Governor David Paterson was in Rochester on Wednesday to meet with editors of several upstate papers in an "exit interview." The Democrat and Chronicle reports that Paterson feels much is being left undone:
In his final days in office, Paterson said he hopes to lay off fewer state workers than the nearly 900 planned, taking hardship cases into account. He is not holding out hope for further action on state finances, leaving a $10 billion or more budget shortfall for Cuomo and the next Legislature to tackle. His greatest disappointment, he said, was not passing a property tax cap. As for achievements, he pointed to his early and aggressive actions to reduce spending given the "tsunami" of the recession.
You can watch the entire meeting at the D&C's website.
Meanwhile archivists are angry that the governor is turning his official papers over to Cornell, rather than to the State Archives, at a cost of $250,000 in state money, reports the Times Union:
"Had they come here, the taxpayers wouldn't have seen any extra expense," said Christine Ward, who maintains the papers of governors Alfred E. Smith and Franklin Delano Roosevelt in the Cultural Education Building on Madison Avenue. "The governor's records would have been included along with all the other records being transitioned," Ward said. "I have many colleagues at Cornell University in the archives there and they are a highly respected archival organization, and I respect them. But I am always concerned, as a general rule, when records that are public records go out of public custody."
HSBC has threatened to leave its One HSBC Center tower in downtown Buffalo, reports the Buffalo News, and city leaders are begging it to stay:
In separate letters to Erie Canal Harbor Development Corp. and a bank executive, Mayor Byron W. Brown and Buffalo Place Chairman Keith M. Belanger warned of dire consequences if HSBC moves out, even if it moves just a block away to a site in the planned Canal Side development. And it would be worse if the move is supported by government tax breaks, they said. "If HSBC left One HSBC Center ... the effect on the regional market for commercial office space would be destabilizing," Brown wrote in a Dec. 10 letter to Jordan A. Levy, chairman of Erie Canal Harbor Development. "I want to emphasize the threat is regional."

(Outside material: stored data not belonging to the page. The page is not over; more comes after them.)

(* Let $H$ be a separable infinite-dimensional complex Hilbert space, let $D \subset H\setminus\{0\}$ be a countable dense subset of $H$, and let $R>0$. Let $B_R=\{T\in L(H): \|T\|\le R\}$. Then the set $L_{SC}(D)$ of operators $T\in B_R$ for which every $x\in D$ is a supercyclic vector is a dense $G_\delta$ subset of $B_R$ equipped with the strong operator topology. Moreover, for every $T\in L_{SC}(D)$ the set of supercyclic vectors of $T$ is residual in $H$ with respect to the norm topology.
   Context: $L(H)$ denotes the bounded linear operators on $H$. For $T\in L(H)$, a vector $x\in H$ is supercyclic for $T$ if the set $\mathbb{C}\{x,Tx,T^2x,\dots\}=\{aT^nx: a\in\mathbb{C}, n\ge 0\}$ is norm-dense in $H$. *)

theory Defs
  imports "HOL-Analysis.Analysis"
begin

text \<open>A complex Hilbert space is
encoded as a (real) Hilbert space, i.e. a complete real inner product space, together with
a complex scalar multiplication extending the real one and satisfying the module axioms and
the norm identity. The complex inner product is then recovered by the polarisation formula
below; conversely, every complex Hilbert space (with its underlying real structure and
real inner product Re of the complex one) is an instance of this class.\<close>

class complex_hilbert = real_inner + complete_space +
  fixes scaleC :: "complex \<Rightarrow> 'a \<Rightarrow> 'a"  (infixr \<open>*\<^sub>C\<close> 75)
  assumes scaleC_of_real: "scaleC (complex_of_real r) x = r *\<^sub>R x"
    and scaleC_add_right: "scaleC a (x + y) = scaleC a x + scaleC a y"
    and scaleC_add_left: "scaleC (a + b) x = scaleC a x + scaleC b x"
    and scaleC_scaleC: "scaleC a (scaleC b x) = scaleC (a * b) x"
    and scaleC_one: "scaleC 1 x = x"
    and norm_scaleC: "norm (scaleC a x) = cmod a * norm x"

context complex_hilbert
begin

text \<open>The complex inner product (conjugate-linear in the first argument).\<close>
definition cinner :: "'a \<Rightarrow> 'a \<Rightarrow> complex" where
  "cinner x y = Complex (inner x y) (inner x (scaleC \<i> y) * -1)"

definition cspan :: "'a set \<Rightarrow> 'a set" where
  "cspan B = {\<Sum>b\<in>F. scaleC (c b) b | F c. finite F \<and> F \<subseteq> B}"

definition infinite_dimensional :: "'a itself \<Rightarrow> bool" where
  "infinite_dimensional _ \<longleftrightarrow> \<not> (\<exists>B. finite B \<and> cspan B = (UNIV :: 'a set))"

end

text \<open>L(H): bounded complex-linear operators, as elements of the type of bounded
real-linear operators that in addition commute with complex scalars. The norm of a
blinfun is the operator norm.\<close>
definition clinear_op :: "('a::complex_hilbert \<Rightarrow>\<^sub>L 'a) \<Rightarrow> bool" where
  "clinear_op T \<longleftrightarrow> (\<forall>c x. blinfun_apply T (scaleC c x) = scaleC c (blinfun_apply T x))"

definition ball_ops :: "real \<Rightarrow> ('a::complex_hilbert \<Rightarrow>\<^sub>L 'a) set" where
  "ball_ops R = {T. clinear_op T \<and> norm T \<le> R}"

definition supercyclic :: "('a::complex_hilbert \<Rightarrow>\<^sub>L 'a) \<Rightarrow> 'a \<Rightarrow> bool" where
  "supercyclic T x \<longleftrightarrow>
     closure {scaleC a ((blinfun_apply T ^^ n) x) | a n. True} = UNIV"

definition residual :: "'a::topological_space set \<Rightarrow> bool" where
  "residual S \<longleftrightarrow> (\<exists>U :: nat \<Rightarrow> 'a set. (\<forall>n. open (U n) \<and> closure (U n) = UNIV)
                     \<and> (\<Inter>n. U n) \<subseteq> S)"

end

theory Submission
  imports Defs
begin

HSBC has been in the building since 1972 and is reportedly considering both suburban and other downtown locations, including Erie Harbor.
Buffalo will finally be getting nearly 30 subway cars, newly reconditioned after delays, reports the Buffalo News. The cars are coming from Hornell, where the transportation car industry is a big deal. The Innovation Trail's Emma Jacobs is working on a piece about how the industry has faired over the past few years - watch this space for it.

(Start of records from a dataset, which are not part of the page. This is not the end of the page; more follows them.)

lemma temporal_smooth_eq_frob_inner:
  "temporal_smooth N M Ls Lt = (\<Sum>i<M. \<Sum>j<M. Lt i j * frob_inner N (Ls i) (Ls j))"
proof -
  have "temporal_smooth N M Ls Lt =
      (\<Sum>p<N * N. \<Sum>i<M. \<Sum>j<M. Lt i j * (Ls i (p mod N) (p div N) * Ls j (p mod N) (p div N)))"
    unfolding temporal_smooth_def mtrace_def mmult_def transp_def Xtilde_def vec_def
    by (simp add: sum_distrib_left sum_distrib_right mult_ac)
  also have "\<dots> = (\<Sum>a<N. \<Sum>b<N. \<Sum>i<M. \<Sum>j<M. Lt i j * (Ls i a b * Ls j a b))"
    by (rule sum_mod_div_lessThan_square)
  also have "\<dots> = (\<Sum>i<M. \<Sum>j<M. \<Sum>a<N. \<Sum>b<N. Lt i j * (Ls i a b * Ls j a b))"
    by (simp only: sum_rotate3[where A="{..<N}"])
  also have "\<dots> = (\<Sum>i<M. \<Sum>j<M. Lt i j * frob_inner N (Ls i) (Ls j))"
    unfolding frob_inner_def by (simp add: sum_distrib_left)
  finally show ?thesis .
qed

lemma lap_set_sym: "L \<in> lap_set n \<Longrightarrow> i < n \<Longrightarrow> j < n \<Longrightarrow> L i j = L j i"
  unfolding lap_set_def by (cases "i = j") auto

lemma lap_set_offdiag_nonpos: "L \<in> lap_set n \<Longrightarrow> i < n \<Longrightarrow> j < n \<Longrightarrow> i \<noteq> j \<Longrightarrow> L i j \<le> 0"
  unfolding lap_set_def by auto

lemma lap_set_row_sum: "L \<in> lap_set n \<Longrightarrow> i < n \<Longrightarrow> (\<Sum>j<n. L i j) = 0"
  unfolding lap_set_def by auto

lemma lap_set_col_sum:
  assumes "L \<in> lap_set n" "j < n"
  shows "(\<Sum>i<n. L i j) = 0"
proof -
  have "(\<Sum>i<n. L i j) = (\<Sum>i<n. L j i)"
    using assms by (intro sum.cong) (auto intro: lap_set_sym)
  then show ?thesis using lap_set_row_sum[OF assms] by simp
qed

lemma lap_set_supported: "L \<in> lap_set n \<Longrightarrow> supported n L"
  unfolding lap_set_def by auto

lemma lap_set_psd: "L \<in> lap_set n \<Longrightarrow> psd n L"
  unfolding lap_set_def by auto

lemma laplacian_form_eq_sum_sq_dist:
  assumes L: "L \<in> lap_set M"
  shows "(\<Sum>i<M. \<Sum>j<M. L i j * frob_inner N (A i) (A j)) =
    -(1/2) * (\<Sum>i<M. \<Sum>j<M. L i j * frob_sq N (\<lambda>a b. A i a b - A j a b))"
proof -
  have rows: "(\<Sum>i<M. \<Sum>j<M. L i j * frob_inner N (A i) (A i)) = 0"
    by (simp add: sum_distrib_right[symmetric] lap_set_row_sum[OF L])
  have cols: "(\<Sum>i<M. \<Sum>j<M. L i j * frob_inner N (A j) (A j)) = 0"
    by (subst sum.swap) (simp add: sum_distrib_right[symmetric] lap_set_col_sum[OF L])
  show ?thesis
    using rows cols
    by (simp add: frob_sq_diff algebra_simps sum.distrib sum_subtractf sum_distrib_left sum_negf)
qed

lemma sum_symmetric_eq_twice_upper:
  fixes a :: "nat \<Rightarrow> nat \<Rightarrow> 'a::comm_semiring_1"
  assumes "\<And>i j. i < n \<Longrightarrow> j < n \<Longrightarrow> a i j = a j i" and "\<And>i. i < n \<Longrightarrow> a i i = 0"
  shows "(\<Sum>i<n. \<Sum>j<n. a i j) = 2 * (\<Sum>i<n. \<Sum>j\<in>{i<..<n}. a i j)"
  using assms
proof (induction n)
  case 0
  then show ?case by simp
next
  case (Suc n)
  have IH: "(\<Sum>i<n. \<Sum>j<n. a i j) = 2 * (\<Sum>i<n. \<Sum>j\<in>{i<..<n}. a i j)"
    using Suc by simp
  have new_col: "(\<Sum>i<Suc n. \<Sum>j\<in>{i<..<Suc n}. a i j) = (\<Sum>i<n. \<Sum>j\<in>{i<..<n}. a i j) + (\<Sum>i<n. a i n)"
  proof -
    have "{i<..<Suc n} = insert n {i<..<n}" if "i < n" for i
      using that by auto
    moreover have "{n<..<Suc n} = {}"
      by auto
    ultimately show ?thesis by (simp add: sum.distrib add.commute)
  qed
  have "(\<Sum>j<n. a n j) = (\<Sum>i<n. a i n)"
    using Suc.prems(1) by (intro sum.cong) auto
  then show ?case
    using IH new_col Suc.prems(2)[of n] by (simp add: sum.distrib distrib_left mult_2 add.assoc)
qed

lemma temporal_smooth_eq_weighted_sum:
  assumes Lt: "Lt \<in> lap_set M"
  shows "temporal_smooth N M Ls Lt =
    (\<Sum>i<M. \<Sum>j\<in>{i<..<M}. tweight Lt i j * frob_sq N (\<lambda>a b. Ls i a b - Ls j a b))"
proof -
  have "(\<Sum>i<M. \<Sum>j<M. Lt i j * frob_sq N (\<lambda>a b. Ls i a b - Ls j a b)) =
      2 * (\<Sum>i<M. \<Sum>j\<in>{i<..<M}. Lt i j * frob_sq N (\<lambda>a b. Ls i a b - Ls j a b))"
  proof (rule sum_symmetric_eq_twice_upper)
    fix i j assume "i < M" "j < M"
    then show "Lt i j * frob_sq N (\<lambda>a b. Ls i a b - Ls j a b) =
        Lt j i * frob_sq N (\<lambda>a b. Ls j a b - Ls i a b)"
      by (simp add: lap_set_sym[OF Lt] frob_sq_diff_commute[of N "Ls i"])
  qed (simp add: frob_sq_def)
  then show ?thesis
    unfolding temporal_smooth_eq_frob_inner laplacian_form_eq_sum_sq_dist[OF Lt] tweight_def
    by (simp add: sum_negf)
qed

section \<open>Strongly convex problems over closed convex sets of matrices\<close>

definition mat_segment :: "mat \<Rightarrow> mat \<Rightarrow> real \<Rightarrow> mat" where
  "mat_segment A B t = (\<lambda>i j. A i j + t * (B i j - A i j))"

definition mat_convex :: "mat set \<Rightarrow> bool" where
  "mat_convex S \<longleftrightarrow> (\<forall>A\<in>S. \<forall>B\<in>S. \<forall>t. 0 \<le> t \<longrightarrow> t \<le> 1 \<longrightarrow> mat_segment A B t \<in> S)"

definition mat_strongly_convex :: "nat \<Rightarrow> mat set \<Rightarrow> real \<Rightarrow> (mat \<Rightarrow> real) \<Rightarrow> bool" where
  "mat_strongly_convex n S c q \<longleftrightarrow> (\<forall>A\<in>S. \<forall>B\<in>S. \<forall>t. 0 \<le> t \<longrightarrow> t \<le> 1 \<longrightarrow>
     q (mat_segment A B t) \<le> (1 - t) * q A + t * q B - c * t * (1 - t) * frob_sq n (\<lambda>i j. B i j - A i j))"

definition mat_tendsto :: "nat \<Rightarrow> (nat \<Rightarrow> mat) \<Rightarrow> mat \<Rightarrow> bool" where
  "mat_tendsto n A B \<longleftrightarrow> (\<forall>i<n. \<forall>j<n. (\<lambda>k. A k i j) \<longlonglongrightarrow> B i j)"

(* A limit only determines the entries inside the index range, so closedness is only demanded
   for limits that vanish outside it. *)
definition mat_closed :: "nat \<Rightarrow> mat set \<Rightarrow> bool" where
  "mat_closed n S \<longleftrightarrow> (\<forall>A B. (\<forall>k. A k \<in> S) \<longrightarrow> supported n B \<longrightarrow> mat_tendsto n A B \<longrightarrow> B \<in> S)"

definition mat_continuous :: "nat \<Rightarrow> (mat \<Rightarrow> real) \<Rightarrow> bool" where
  "mat_continuous n q \<longleftrightarrow> (\<forall>A B. mat_tendsto n A B \<longrightarrow> (\<lambda>k. q (A k)) \<longlonglongrightarrow> q B)"

lemma psd_mat_segment:
  assumes "psd n A" "psd n B" "0 \<le> t" "t \<le> 1"
  shows "psd n (mat_segment A B t)"
  unfolding psd_def
proof
  fix x :: "nat \<Rightarrow> real"
  have "(\<Sum>i<n. \<Sum>j<n. x i * mat_segment A B t i j * x j) =
      (1 - t) * (\<Sum>i<n. \<Sum>j<n. x i * A i j * x j) + t * (\<Sum>i<n. \<Sum>j<n. x i * B i j * x j)"
    unfolding mat_segment_def by (simp add: algebra_simps sum.distrib sum_subtractf sum_distrib_left)
  also have "\<dots> \<ge> 0"
    using assms unfolding psd_def by (intro add_nonneg_nonneg mult_nonneg_nonneg) auto
  finally show "0 \<le> (\<Sum>i<n. \<Sum>j<n. x i * mat_segment A B t i j * x j)" .
qed

lemma psd_limit:
  assumes "\<And>k. psd n (A k)" and "mat_tendsto n A B"
  shows "psd n B"
  unfolding psd_def
proof
  fix x :: "nat \<Rightarrow> real"
  have "(\<lambda>k. \<Sum>i<n. \<Sum>j<n. x i * A k i j * x j) \<longlonglongrightarrow> (\<Sum>i<n. \<Sum>j<n. x i * B i j * x j)"
    using assms(2) unfolding mat_tendsto_def by (intro tendsto_intros) auto
  moreover have "0 \<le> (\<Sum>i<n. \<Sum>j<n. x i * A k i j * x j)" for k
    using assms(1) unfolding psd_def by blast
  ultimately show "0 \<le> (\<Sum>i<n. \<Sum>j<n. x i * B i j * x j)"
    by (simp add: LIMSEQ_le_const)
qed

lemma lap_set_convex: "mat_convex (lap_set n)"
  unfolding mat_convex_def
proof (intro ballI allI impI)
  fix A B and t :: real
  assume A: "A \<in> lap_set n" and B: "B \<in> lap_set n" and t: "0 \<le> t" "t \<le> 1"
  let ?C = "mat_segment A B t"
  have "supported n ?C"
    using lap_set_supported[OF A] lap_set_supported[OF B]
    unfolding supported_def mat_segment_def by auto
  moreover have "psd n ?C"
    using psd_mat_segment[OF lap_set_psd[OF A] lap_set_psd[OF B] t] .
  moreover have "mtrace n ?C = real n"
  proof -
    have "mtrace n ?C = (1 - t) * mtrace n A + t * mtrace n B"
      unfolding mat_segment_def mtrace_def
      by (simp add: algebra_simps sum.distrib sum_subtractf sum_distrib_left)
    moreover have "mtrace n A = real n" "mtrace n B = real n"
      using A B unfolding lap_set_def by blast+
    ultimately show ?thesis
      by (simp add: algebra_simps)
  qed
  moreover have "?C i j = ?C j i \<and> ?C i j \<le> 0" if "i < n" "j < n" "i \<noteq> j" for i j
  proof
    show "?C i j = ?C j i"
      using lap_set_sym[OF A that(1,2)] lap_set_sym[OF B that(1,2)] by (simp add: mat_segment_def)
    have "(1 - t) * A i j + t * B i j \<le> 0"
      using lap_set_offdiag_nonpos[OF A that] lap_set_offdiag_nonpos[OF B that] t
      by (intro add_nonpos_nonpos mult_nonneg_nonpos) auto
    then show "?C i j \<le> 0"
      by (simp add: mat_segment_def algebra_simps)
  qed
  moreover have "(\<Sum>j<n. ?C i j) = 0" if "i < n" for i
  proof -
    have "(\<Sum>j<n. ?C i j) = (1 - t) * (\<Sum>j<n. A i j) + t * (\<Sum>j<n. B i j)"
      unfolding mat_segment_def by (simp add: algebra_simps sum.distrib sum_subtractf sum_distrib_left)
    then show ?thesis
      using lap_set_row_sum[OF A that] lap_set_row_sum[OF B that] by simp
  qed
  ultimately show "?C \<in> lap_set n"
    unfolding lap_set_def by blast
qed

lemma lap_set_closed: "mat_closed n (lap_set n)"
  unfolding mat_closed_def
proof (intro allI impI)
  fix A :: "nat \<Rightarrow> mat" and B
  assume A: "\<forall>k. A k \<in> lap_set n" and supp: "supported n B" and lim: "mat_tendsto n A B"
  have entry: "(\<lambda>k. A k i j) \<longlonglongrightarrow> B i j" if "i < n" "j < n" for i j
    using lim that unfolding mat_tendsto_def by blast
  have "psd n B"
    using psd_limit[OF lap_set_psd[OF A[rule_format]] lim] .
  moreover have "mtrace n B = real n"
  proof -
    have "(\<lambda>k. mtrace n (A k)) \<longlonglongrightarrow> mtrace n B"
      unfolding mtrace_def by (intro tendsto_sum entry) auto
    moreover have "mtrace n (A k) = real n" for k
      using A unfolding lap_set_def by blast
    ultimately have "(\<lambda>k. real n) \<longlonglongrightarrow> mtrace n B"
      by simp
    then show ?thesis
      by (simp add: LIMSEQ_const_iff)
  qed
  moreover have "B i j = B j i \<and> B i j \<le> 0" if "i < n" "j < n" "i \<noteq> j" for i j
  proof
    have "A k i j = A k j i" for k
      using lap_set_sym[OF A[rule_format] that(1,2)] .
    then have "(\<lambda>k. A k i j) \<longlonglongrightarrow> B j i"
      using entry[OF that(2,1)] by simp
    then show "B i j = B j i"
      using LIMSEQ_unique[OF entry[OF that(1,2)]] by blast
    have "A k i j \<le> 0" for k
      using lap_set_offdiag_nonpos[OF A[rule_format] that] .
    then show "B i j \<le> 0"
      by (simp add: LIMSEQ_le_const2[OF entry[OF that(1,2)]])
  qed
  moreover have "(\<Sum>j<n. B i j) = 0" if "i < n" for i
  proof -
    have "(\<lambda>k. \<Sum>j<n. A k i j) \<longlonglongrightarrow> (\<Sum>j<n. B i j)"
      using that by (intro tendsto_sum entry) auto
    moreover have "(\<Sum>j<n. A k i j) = 0" for k
      using lap_set_row_sum[OF A[rule_format] that] .
    ultimately have "(\<lambda>k. 0) \<longlonglongrightarrow> (\<Sum>j<n. B i j)"
      by simp
    then show ?thesis
      by (simp add: LIMSEQ_const_iff)
  qed
  ultimately show "B \<in> lap_set n"
    using supp unfolding lap_set_def by blast
qed

lemma frob_sq_segment_diff:
  "frob_sq n (\<lambda>a b. mat_segment A B t a b - C a b) =
     (1 - t) * frob_sq n (\<lambda>a b. A a b - C a b) + t * frob_sq n (\<lambda>a b. B a b - C a b)
     - t * (1 - t) * frob_sq n (\<lambda>a b. B a b - A a b)"
proof -
  have "(x + t * (z - x) - y)\<^sup>2 = (1 - t) * (x - y)\<^sup>2 + t * (z - y)\<^sup>2 - t * (1 - t) * (z - x)\<^sup>2"
    for x y z :: real
    by (simp add: power2_eq_square algebra_simps)
  then show ?thesis
    unfolding frob_sq_def mat_segment_def by (simp add: sum.distrib sum_subtractf sum_distrib_left)
qed

lemma frob_sq_segment:
  "frob_sq n (mat_segment A B t) =
     (1 - t) * frob_sq n A + t * frob_sq n B - t * (1 - t) * frob_sq n (\<lambda>a b. B a b - A a b)"
  using frob_sq_segment_diff[of n A B t "\<lambda>a b. 0"] by (simp add: mat_segment_def)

United Airlines is bringing its mobile boarding pass technology to Albany International Airport, reports the Times Union. Travelers should soon be able to draw up a boarding pass on their mobile phone, bypassing the need to use a kiosk or print a pass at home.
On the other side of the flight purchase, Buffalo Congressman Chris Lee is cracking down on Expedia and Travelocity for not prominently displaying what regional airline your travel itinerary is on. Lee says that's required per legislation passed after the crash of Continental Connection flight 3407 to Buffalo from Newark. He met with the two websites yesterday to urge them to comply, and the families of crash victims are asking travelers to report noncompliance to the U.S. Department of Transportation, according to the Buffalo News:
“This is another small but meaningful way that you, the flying public, can help us make our voices heard,” said John Kausner of Clarence Center, who lost his daughter Ellyce in the crash. Lee said the meeting left him confident that the travel websites would make changes to make sure they are complying with the disclosure law.
Tuition tax break
Legislation that allows for a $2,500 tuition tax credit has been renewed in the U.S. Senate and is expected to pass the House, reports the Press & Sun-Bulletin. The measure will be effective through 2012.
Just in time for the holidays, Kodak and Shutterfly are squaring off in a patent dispute - they're both suing each other, reports the Democrat and Chronicle:
The original Kodak suit revolves around five separate patents having to do with selecting photos using index prints, handling images, and processing photographic film into digital images. In its complaint, Kodak claims Shutterfly used that Kodak-patented technology in its Shutterfly.com online business. Kodak is seeking a court order stopping Shutterfly from violating those patents and unspecified cash damages. In the SEC filing, Shutterfly said it has "meritorious defenses to this action and intends to defend this matter vigorously."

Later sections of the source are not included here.